┌────────

definition dval :: "'a::real_inner \<Rightarrow> 'a \<times> int \<Rightarrow> real" where
  "dval \<mu> b = of_int (snd b) / coroot_pair \<mu> (fst b)"

definition prec :: "'a::real_inner set \<Rightarrow> ('a \<Rightarrow> 'a \<Rightarrow> bool) \<Rightarrow> 'a \<Rightarrow> 'a \<Rightarrow> bool" where
  "prec \<Delta>p R \<gamma> \<gamma>' \<longleftrightarrow> (\<gamma> \<in> \<Delta>p \<and> \<gamma>' \<notin> \<Delta>p) \<or> (\<gamma> \<in> \<Delta>p \<and> \<gamma>' \<in> \<Delta>p \<and> R \<gamma> \<gamma>')
      \<or> (\<gamma> \<notin> \<Delta>p \<and> \<gamma>' \<notin> \<Delta>p \<and> R (-\<gamma>) (-\<gamma>'))"

definition inv_less :: "'a::real_inner set \<Rightarrow> ('a \<Rightarrow> 'a \<Rightarrow> bool) \<Rightarrow> 'a \<Rightarrow> 'a \<times> int \<Rightarrow> 'a \<times> int \<Rightarrow> bool" where
  "inv_less \<Delta>p R \<mu> b b' \<longleftrightarrow> dval \<mu> b < dval \<mu> b' \<or>
     (dval \<mu> b = dval \<mu> b' \<and> prec \<Delta>p R (fst b') (fst b))"

text \<open>Inv(lambda) = {beta_1 < ... < beta_r} as a list; gamma_k = fst, l_k = snd.\<close>
definition inv_list :: "'a::real_inner set \<Rightarrow> 'a set \<Rightarrow> ('a \<Rightarrow> 'a \<Rightarrow> bool) \<Rightarrow> 'a \<Rightarrow> ('a \<times> int) list" where
  "inv_list \<Delta> \<Delta>p R \<mu> = (THE L. distinct L \<and> set L = Inv \<Delta> \<Delta>p \<mu> \<and> sorted_wrt (inv_less \<Delta>p R \<mu>) L)"
lemma group_aut_group:
  assumes H: "mwf k sig H"
  shows "group (aut_group k sig H)"
proof (rule groupI, unfold aut_group_simps)
  show "mid k H \<in> inj_homs k sig H H" by (rule mid_in_inj_homs[OF H])
  show "mcomp k H x y \<in> inj_homs k sig H H"
    if "x \<in> inj_homs k sig H H" "y \<in> inj_homs k sig H H" for x y
    by (rule inj_homs_mcomp[OF H that(2) inj_homsD[OF that(1)]])
  show "mcomp k H (mcomp k H x y) z = mcomp k H x (mcomp k H y z)"
    if "x \<in> inj_homs k sig H H" "y \<in> inj_homs k sig H H" "z \<in> inj_homs k sig H H" for x y z
    using that by (auto simp: mcomp_def fun_eq_iff inj_homs_mapsto)
  show "mcomp k H (mid k H) x = x" if x: "x \<in> inj_homs k sig H H" for x
  proof (rule inj_homs_eqI[OF inj_homs_mcomp[OF H x inj_homsD[OF mid_in_inj_homs[OF H]]] x])
    fix i a assume "i < k" "a \<in> msort H i"
    with inj_homs_mapsto[OF x this] show "mcomp k H (mid k H) x i a = x i a" by simp
  qed
  fix x assume x: "x \<in> inj_homs k sig H H"
  define \<chi> where "\<chi> i = inv_into (msort H i) (x i)" for i
  have iso: "miso_via k sig H H x" by (rule miso_via_if_inj_homs[OF H H x x])
  then have bij: "\<And>i. i < k \<Longrightarrow> bij_betw (x i) (msort H i) (msort H i)"
    and "mhom k sig H H \<chi>" unfolding miso_via_def \<chi>_def by auto
  moreover have "\<And>i. i < k \<Longrightarrow> inj_on (\<chi> i) (msort H i)"
    using bij by (auto simp: \<chi>_def bij_betw_def inj_on_inv_into)
  ultimately have y: "mcomp k H \<chi> (mid k H) \<in> inj_homs k sig H H"
    by (intro inj_homs_mcomp[OF H mid_in_inj_homs[OF H]])
  have "mcomp k H (mcomp k H \<chi> (mid k H)) x = mid k H"
  proof (rule inj_homs_eqI[OF inj_homs_mcomp[OF H x inj_homsD[OF y]] mid_in_inj_homs[OF H]])
    fix i a assume "i < k" "a \<in> msort H i"
    with inj_homs_mapsto[OF x this] show "mcomp k H (mcomp k H \<chi> (mid k H)) x i a = mid k H i a"
      by (simp add: \<chi>_def bij_betw_inv_into_left[OF bij])
  qed
  then show "\<exists>y\<in>inj_homs k sig H H. mcomp k H y x = mid k H" using y by blast
qed

lemma mauto_order_if_funpow_prime:
  assumes H: "mwf k sig H" and p: "prime p" and x: "x \<in> inj_homs k sig H H" "x \<noteq> mid k H"
    and period: "\<And>i a. i < k \<Longrightarrow> a \<in> msort H i \<Longrightarrow> (x i ^^ p) a = a"
  shows "mauto_order k sig p H x"
  unfolding mauto_order_def
proof (intro conjI allI impI)
  show "mauto k sig H x" unfolding mauto_def by (rule miso_via_if_inj_homs[OF H H x(1) x(1)])
  fix i assume "i < k"
  then show "is_id_on (x i) (msort H i) \<or> perm_order_on (x i) (msort H i) = p"
    using perm_order_on_prime[OF p, of "x i" "msort H i"] period by (auto simp: is_id_on_def)
next
  show "\<exists>i<k. \<not> is_id_on (x i) (msort H i)"
  proof (rule ccontr)
    assume "\<not> ?thesis"
    then have "x = mid k H"
      by (intro inj_homs_eqI[OF x(1) mid_in_inj_homs[OF H]]) (simp add: is_id_on_def)
    then show False using x(2) by contradiction
  qed
qed

lemma not_dvd_card_inj_homs_if_p_rigid:
  assumes H: "mwf k sig H" and p: "prime p" and rigid: "p_rigid k sig p H"
  shows "\<not> p dvd card (inj_homs k sig H H)"
proof
  assume "p dvd card (inj_homs k sig H H)"
  then obtain x where x: "x \<in> inj_homs k sig H H" "x \<noteq> mid k H"
    and pow: "x [^]\<^bsub>aut_group k sig H\<^esub> p = mid k H"
    using group.exists_elem_of_prime_order[OF group_aut_group[OF H] _ p] finite_inj_homs[OF H H]
    by (auto simp: order_def)
  have "(x i ^^ p) a = a" if "i < k" "a \<in> msort H i" for i a
    using aut_group_pow_apply[OF x(1) that, of p] that by (simp add: pow)
  then have "mauto_order k sig p H x" by (rule mauto_order_if_funpow_prime[OF H p x])
  then show False using rigid unfolding p_rigid_def by blast
qed

lemma inj_homs_nonempty_if_p_rigid_preach:
  assumes H1: "mwf k sig H1" "p_rigid k sig p H1" "preach k sig p H H1"
    and H2: "preach k sig p H H2" and p: "prime p"
  shows "inj_homs k sig H1 H2 \<noteq> {}"
proof -
  have "card (inj_homs k sig H1 H2) mod p = card (inj_homs k sig H1 H1) mod p"
    using card_inj_homs_preach_mod[OF H1(1) p H1(3)] card_inj_homs_preach_mod[OF H1(1) p H2] by simp
  moreover have "card (inj_homs k sig H1 H1) mod p \<noteq> 0"
    using not_dvd_card_inj_homs_if_p_rigid[OF H1(1) p H1(2)] by (simp add: dvd_eq_mod_eq_0)
  ultimately show ?thesis by auto
qed

lemma miso_if_p_rigid_preach:
  assumes H1: "mwf k sig H1" "p_rigid k sig p H1" "preach k sig p H H1"
    and H2: "mwf k sig H2" "p_rigid k sig p H2" "preach k sig p H H2" and p: "prime p"
  shows "miso k sig H1 H2"
proof -
  obtain f g where "f \<in> inj_homs k sig H1 H2" "g \<in> inj_homs k sig H2 H1"
    using inj_homs_nonempty_if_p_rigid_preach[OF H1 H2(3) p]
      inj_homs_nonempty_if_p_rigid_preach[OF H2 H1(3) p] by blast
  then show ?thesis unfolding miso_def using miso_via_if_inj_homs[OF H1(1) H2(1)] by blast
qed

lemma preach_refl:
  assumes "mwf k sig H"
  shows "preach k sig p H H"
  unfolding preach_def using assms miso_refl[OF assms] by (intro exI[of _ "[H]"]) simp

lemma preach_fix_sub:
  fixes H :: "'a mstruct"
  assumes H: "mwf k sig H" and \<pi>: "mauto_order k sig p H \<pi>"
    and reach: "preach k sig p (fix_sub k sig H \<pi>) H'"
  shows "preach k sig p H H'"
proof -
  obtain hs :: "'a mstruct list" where hs: "hs \<noteq> []" "\<forall>G\<in>set hs. mwf k sig G"
    "miso k sig (hd hs) (fix_sub k sig H \<pi>)" "miso k sig (last hs) H'"
    "\<forall>i. Suc i < length hs \<longrightarrow> pstep k sig p (hs ! i) (hs ! Suc i)"
    using reach unfolding preach_def by blast
  have "pstep k sig p H (hs ! 0)" unfolding pstep_def using \<pi> hs(1,3) by (auto simp: hd_conv_nth)
  then have "\<forall>i. Suc i < length (H # hs) \<longrightarrow> pstep k sig p ((H # hs) ! i) ((H # hs) ! Suc i)"
    using hs(5) by (auto simp: nth_Cons split: nat.split)
  then show ?thesis
    unfolding preach_def using hs H miso_refl[OF H] by (intro exI[of _ "H # hs"]) simp
qed

lemma exists_p_rigid_preach:
  fixes H :: "'a mstruct"
  assumes "mwf k sig H"
  shows "\<exists>H' :: 'a mstruct. mwf k sig H' \<and> p_rigid k sig p H' \<and> preach k sig p H H'"
  using assms
proof (induction "\<Sum>i<k. card (msort H i)" arbitrary: H rule: less_induct)
  case less
  show ?case
  proof (cases "p_rigid k sig p H")
    case True
    then show ?thesis using less.prems preach_refl by blast
  next
    case False
    then obtain \<pi> where \<pi>: "mauto_order k sig p H \<pi>" unfolding p_rigid_def by blast
    then obtain i a where i: "i < k" "a \<in> msort H i" "\<pi> i a \<noteq> a"
      unfolding mauto_order_def is_id_on_def by blast
    have "(\<Sum>i<k. card (msort (fix_sub k sig H \<pi>) i)) < (\<Sum>i<k. card (msort H i))"
    proof (rule sum_strict_mono_ex1)
      show "\<forall>i\<in>{..<k}. card (msort (fix_sub k sig H \<pi>) i) \<le> card (msort H i)"
        using less.prems msort_fix_sub_subset by (auto intro: card_mono simp: mwf_def)
      have "msort (fix_sub k sig H \<pi>) i \<subset> msort H i" using i by auto
      then show "\<exists>i\<in>{..<k}. card (msort (fix_sub k sig H \<pi>) i) < card (msort H i)"
        using less.prems i(1) by (metis lessThan_iff mwf_def psubset_card_mono)
    qed simp
    then obtain H' :: "'a mstruct" where "mwf k sig H'" "p_rigid k sig p H'"
      "preach k sig p (fix_sub k sig H \<pi>) H'"
      using less.hyps mwf_fix_sub[OF less.prems] by blast
    then show ?thesis using preach_fix_sub[OF less.prems \<pi>] by blast
  qed
qed

end

theorem proposition2p1:
  fixes k :: nat and sig :: "nat list list" and p :: nat and H :: "'a mstruct"
  assumes "sig_ok k sig" and "prime p" and "mwf k sig H"
  shows "(\<exists>Hs :: 'a mstruct. mwf k sig Hs \<and> p_rigid k sig p Hs \<and> preach k sig p H Hs) \<and>
         (\<forall>(H1 :: 'b mstruct) (H2 :: 'c mstruct).
            mwf k sig H1 \<and> p_rigid k sig p H1 \<and> preach k sig p H H1 \<and>
            mwf k sig H2 \<and> p_rigid k sig p H2 \<and> preach k sig p H H2 \<longrightarrow> miso k sig H1 H2)"
proof -
  interpret msig k sig by (rule msig.intro) (rule assms(1))
  show ?thesis
    using exists_p_rigid_preach[OF assms(3)] miso_if_p_rigid_preach[OF _ _ _ _ _ _ assms(2)]
    by blast
qed

end
(* Let $q\ge 2$ and $0\le\rho<1-1/q$, and let $\gamma>0$. Then for all sufficiently large $n$ the following holds. Let $C\subseteq\{0,\dots,q-1\}^n$ be a code of rate $1-H_q(\rho)+\gamma$. Then there exists a codeword $c\in C$ such that for at least a $1-q^{-\Omega(\gamma n)}$ fraction of error patterns $e\in\{0,\dots,q-1\}^n$ of Hamming weight at most $\rho n$, the Hamming ball of radius $\rho n$ around $c+e$ contains at least two codewords of $C$.
   Context: $H_q(x)=x\log_q(q-1)-x\log_q x-(1-x)\log_q(1-x)$ is the $q$-ary entropy function. A code $C\subseteq\Sigma^n$ with $|\Sigma|=q$ has rate $\log_q|C|/n$. Addition $c+e$ is coordinatewise (e.g. modulo $q$). The Hamming weight of a vector is its number of nonzero coordinates, and the Hamming ball of radius $r$ around $y$ is the set of vectors differing from $y$ in at most $r$ coordinates. *)

theory Defs
  imports Complex_Main
begin

definition Hq :: "nat \<Rightarrow> real \<Rightarrow> real" where
  "Hq q x = x * log q (real q - 1) - x * log q x - (1 - x) * log q (1 - x)"

definition words :: "nat \<Rightarrow> nat \<Rightarrow> nat list set" where
  "words q n = {xs. length xs = n \<and> set xs \<subseteq> {..<q}}"

definition vadd :: "nat \<Rightarrow> nat list \<Rightarrow> nat list \<Rightarrow> nat list" where
  "vadd q xs ys = map2 (\<lambda>a b. (a + b) mod q) xs ys"

definition hweight :: "nat list \<Rightarrow> nat" where
  "hweight xs = card {i. i < length xs \<and> xs ! i \<noteq> 0}"

definition hdist :: "nat list \<Rightarrow> nat list \<Rightarrow> nat" where
  "hdist xs ys = card {i. i < length xs \<and> xs ! i \<noteq> ys ! i}"

definition hball :: "nat \<Rightarrow> nat \<Rightarrow> nat list \<Rightarrow> real \<Rightarrow> nat list set" where
  "hball q n y r = {x \<in> words q n. real (hdist x y) \<le> r}"

definition code_rate :: "nat \<Rightarrow> nat \<Rightarrow> nat list set \<Rightarrow> real" where
  "code_rate q n C = log q (real (card C)) / real n"

end

theory Submission
  imports Defs "HOL-Number_Theory.Cong" "HOL-Real_Asymp.Real_Asymp"
begin

text \<open>Call an error pattern e unambiguous for the codeword c if c is the only codeword within
  distance \<rho>n of c + e. Since c lies in that ball, the received words c + e with e unambiguous
  for c are pairwise distinct over all codewords c, so the numbers of unambiguous patterns sum to
  at most q^n. A code of rate 1 - H_q(\<rho>) + \<gamma> has q^{n(1 - H_q(\<rho>) + \<gamma>)} codewords,
  while the ball of radius \<rho>n has volume at least q^{n H_q(\<rho>)} / poly(n) (bound a single
  weight class, comparing with the mode of the binomial distribution Bin(n, \<rho>)). Hence the
  average codeword has only a q^{-\<gamma>n/2} fraction of unambiguous patterns once n is large.\<close>

section \<open>Words and coordinatewise addition\<close>

lemma finite_words: "finite (words q n)"
  unfolding words_def using finite_lists_length_eq[of "{..<q}" n] by (simp add: conj_commute)

lemma card_words: "card (words q n) = q ^ n"
  unfolding words_def using card_lists_length_eq[of "{..<q}" n] by (simp add: conj_commute)

lemma words_Suc: "words q (Suc n) = (\<lambda>(x, xs). x # xs) ` ({..<q} \<times> words q n)"
  unfolding words_def by (auto simp: length_Suc_conv image_iff)

lemma nth_in_words: "xs \<in> words q n \<Longrightarrow> i < n \<Longrightarrow> xs ! i < q"
  unfolding words_def using nth_mem by fastforce

lemma hweight_Cons: "hweight (x # xs) = (if x = 0 then 0 else 1) + hweight xs"
proof -
  have "hweight ys = length (filter (\<lambda>y. y \<noteq> 0) ys)" for ys
    unfolding hweight_def by (simp add: length_filter_conv_card)
  then show ?thesis by simp
qed

lemma add_mod_left_cancel:
  fixes a x y q :: nat
  assumes "x < q" "y < q"
  shows "(a + x) mod q = (a + y) mod q \<longleftrightarrow> x = y"
  using cong_add_lcancel_nat[of a x y q, unfolded Cong.cong_def] assms by simp

lemma nth_vadd: "i < length c \<Longrightarrow> length e = length c \<Longrightarrow> vadd q c e ! i = (c ! i + e ! i) mod q"
  unfolding vadd_def by simp

lemma vadd_in_words: "q > 0 \<Longrightarrow> c \<in> words q n \<Longrightarrow> e \<in> words q n \<Longrightarrow> vadd q c e \<in> words q n"
  unfolding words_def vadd_def by (auto dest!: set_zip_rightD set_zip_leftD)

lemma hdist_vadd_right:
  assumes "c \<in> words q n" "e \<in> words q n"
  shows "hdist c (vadd q c e) = hweight e"
proof -
  have len: "length c = n" "length e = n" using assms by (simp_all add: words_def)
  have "c ! i \<noteq> vadd q c e ! i \<longleftrightarrow> e ! i \<noteq> 0" if "i < n" for i
  proof -
    have "c ! i < q" "e ! i < q" using that assms by (simp_all add: nth_in_words)
    then show ?thesis
      using that len add_mod_left_cancel[where a = "c ! i" and x = "e ! i" and y = 0 and q = q]
      by (auto simp: nth_vadd)
  qed
  then show ?thesis unfolding hdist_def hweight_def using len by (metis (lifting))
qed

lemma vadd_left_cancel:
  assumes "c \<in> words q n" "e \<in> words q n" "e' \<in> words q n" "vadd q c e = vadd q c e'"
  shows "e = e'"
proof (rule nth_equalityI)
  have len: "length c = n" "length e = n" "length e' = n" using assms by (simp_all add: words_def)
  then show "length e = length e'" by simp
  fix i assume "i < length e"
  then have "(c ! i + e ! i) mod q = (c ! i + e' ! i) mod q"
    using arg_cong[OF assms(4), of "\<lambda>xs. xs ! i"] len by (simp add: nth_vadd)
  then show "e ! i = e' ! i"
    using \<open>i < length e\<close> assms len
      add_mod_left_cancel[where a = "c ! i" and x = "e ! i" and y = "e' ! i" and q = q]
    by (simp add: nth_in_words)
qed

definition words_of_weight :: "nat \<Rightarrow> nat \<Rightarrow> nat \<Rightarrow> nat list set" where
  "words_of_weight q n j = {xs \<in> words q n. hweight xs = j}"

lemma words_of_weight_Suc_0:
  "q > 0 \<Longrightarrow> words_of_weight q (Suc n) 0 = (#) 0 ` words_of_weight q n 0"
  by (auto simp: words_of_weight_def words_Suc hweight_Cons split: if_splits)

lemma words_of_weight_Suc_Suc:
  "q > 0 \<Longrightarrow> words_of_weight q (Suc n) (Suc j) =
     (#) 0 ` words_of_weight q n (Suc j) \<union> (\<lambda>(x, xs). x # xs) ` ({1..<q} \<times> words_of_weight q n j)"
  by (auto simp: words_of_weight_def words_Suc hweight_Cons image_iff split: if_splits)

lemma card_words_of_weight:
  assumes "q > 0"
  shows "card (words_of_weight q n j) = (n choose j) * (q - 1) ^ j"
proof (induction n arbitrary: j)
  case 0
  have "words_of_weight q 0 j = (if j = 0 then {[]} else {})"
    by (auto simp: words_of_weight_def words_def hweight_def)
  then show ?case by simp
next
  case (Suc n)
  have fin: "finite (words_of_weight q n j)" for j
    unfolding words_of_weight_def using finite_words by simp
  show ?case
  proof (cases j)
    case 0
    then show ?thesis
      using Suc.IH assms by (simp add: words_of_weight_Suc_0 card_image del: One_nat_def)
  next
    case (Suc i)
    have "card (words_of_weight q (Suc n) j) =
        card (words_of_weight q n (Suc i)) + card ({1..<q} \<times> words_of_weight q n i)"
      unfolding Suc words_of_weight_Suc_Suc[OF assms]
      by (subst card_Un_disjoint) (auto simp: fin card_image inj_on_def)
    also have "\<dots> = (n choose Suc i) * (q - 1) ^ Suc i + (q - 1) * ((n choose i) * (q - 1) ^ i)"
      using Suc.IH by (simp add: card_cartesian_product)
    also have "\<dots> = (Suc n choose j) * (q - 1) ^ j"
      unfolding Suc binomial_Suc_Suc power_Suc by (simp only: add_mult_distrib2 ac_simps)
    finally show ?thesis .
  qed
qed

section \<open>Unambiguous error patterns\<close>

definition low_weight_words :: "nat \<Rightarrow> nat \<Rightarrow> real \<Rightarrow> nat list set" where
  "low_weight_words q n r = {e \<in> words q n. real (hweight e) \<le> r}"

definition ambiguous_errors :: "nat \<Rightarrow> nat \<Rightarrow> nat list set \<Rightarrow> real \<Rightarrow> nat list \<Rightarrow> nat list set" where
  "ambiguous_errors q n C r c =
     {e \<in> words q n. real (hweight e) \<le> r \<and> 2 \<le> card (C \<inter> hball q n (vadd q c e) r)}"

definition unambiguous_errors :: "nat \<Rightarrow> nat \<Rightarrow> nat list set \<Rightarrow> real \<Rightarrow> nat list \<Rightarrow> nat list set" where
  "unambiguous_errors q n C r c = low_weight_words q n r - ambiguous_errors q n C r c"

lemma finite_low_weight_words: "finite (low_weight_words q n r)"
  unfolding low_weight_words_def using finite_words by simp

lemma card_low_weight_words_le: "card (low_weight_words q n r) \<le> q ^ n"
  unfolding low_weight_words_def card_words[symmetric] by (intro card_mono finite_words) auto

lemma card_low_weight_words_split:
  "card (low_weight_words q n r) = card (ambiguous_errors q n C r c) + card (unambiguous_errors q n C r c)"
proof -
  have "ambiguous_errors q n C r c \<subseteq> low_weight_words q n r"
    unfolding ambiguous_errors_def low_weight_words_def by auto
  then show ?thesis
    unfolding unambiguous_errors_def
    by (metis card_Diff_subset finite_low_weight_words card_mono le_add_diff_inverse finite_subset)
qed

lemma inj_on_vadd_unambiguous_errors:
  assumes "C \<subseteq> words q n"
  shows "inj_on (\<lambda>(c, e). vadd q c e) (SIGMA c:C. unambiguous_errors q n C r c)"
proof (rule inj_onI, clarsimp)
  fix c e c' e'
  assume c: "c \<in> C" "e \<in> unambiguous_errors q n C r c"
    and c': "c' \<in> C" "e' \<in> unambiguous_errors q n C r c'"
    and eq: "vadd q c e = vadd q c' e'"
  have words: "c \<in> words q n" "c' \<in> words q n" "e \<in> words q n" "e' \<in> words q n"
    using assms c c' by (auto simp: unambiguous_errors_def low_weight_words_def)
  have "c \<in> hball q n (vadd q c e) r" "c' \<in> hball q n (vadd q c' e') r"
    using c c' words
    by (auto simp: hball_def hdist_vadd_right unambiguous_errors_def low_weight_words_def)
  moreover have "finite C"
    using assms finite_words finite_subset by blast
  moreover have "card (C \<inter> hball q n (vadd q c e) r) < 2"
    using c(2) by (auto simp: unambiguous_errors_def ambiguous_errors_def low_weight_words_def)
  ultimately have "c = c'"
    using c(1) c'(1) eq card_mono[of "C \<inter> hball q n (vadd q c e) r" "{c, c'}"]
    by (cases "c = c'") auto
  then show "c = c' \<and> e = e'"
    using eq words vadd_left_cancel by blast
qed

└────────

Work to complete :: Please transcribe only the lines in the records above running from the line that has "(mcomp k H x" through the line that has "(mid k H)) x i", both included, exactly as they appear.

Reply ::
  show "mcomp k H (mcomp k H x y) z = mcomp k H x (mcomp k H y z)"
    if "x \<in> inj_homs k sig H H" "y \<in> inj_homs k sig H H" "z \<in> inj_homs k sig H H" for x y z
    using that by (auto simp: mcomp_def fun_eq_iff inj_homs_mapsto)
  show "mcomp k H (mid k H) x = x" if x: "x \<in> inj_homs k sig H H" for x
  proof (rule inj_homs_eqI[OF inj_homs_mcomp[OF H x inj_homsD[OF mid_in_inj_homs[OF H]]] x])
    fix i a assume "i < k" "a \<in> msort H i"
    with inj_homs_mapsto[OF x this] show "mcomp k H (mid k H) x i a = x i a" by simp
  qed
  fix x assume x: "x \<in> inj_homs k sig H H"
  define \<chi> where "\<chi> i = inv_into (msort H i) (x i)" for i
  have iso: "miso_via k sig H H x" by (rule miso_via_if_inj_homs[OF H H x x])
  then have bij: "\<And>i. i < k \<Longrightarrow> bij_betw (x i) (msort H i) (msort H i)"
    and "mhom k sig H H \<chi>" unfolding miso_via_def \<chi>_def by auto
  moreover have "\<And>i. i < k \<Longrightarrow> inj_on (\<chi> i) (msort H i)"
    using bij by (auto simp: \<chi>_def bij_betw_def inj_on_inv_into)
  ultimately have y: "mcomp k H \<chi> (mid k H) \<in> inj_homs k sig H H"
    by (intro inj_homs_mcomp[OF H mid_in_inj_homs[OF H]])
  have "mcomp k H (mcomp k H \<chi> (mid k H)) x = mid k H"
  proof (rule inj_homs_eqI[OF inj_homs_mcomp[OF H x inj_homsD[OF y]] mid_in_inj_homs[OF H]])
    fix i a assume "i < k" "a \<in> msort H i"
    with inj_homs_mapsto[OF x this] show "mcomp k H (mcomp k H \<chi> (mid k H)) x i a = mid k H i a"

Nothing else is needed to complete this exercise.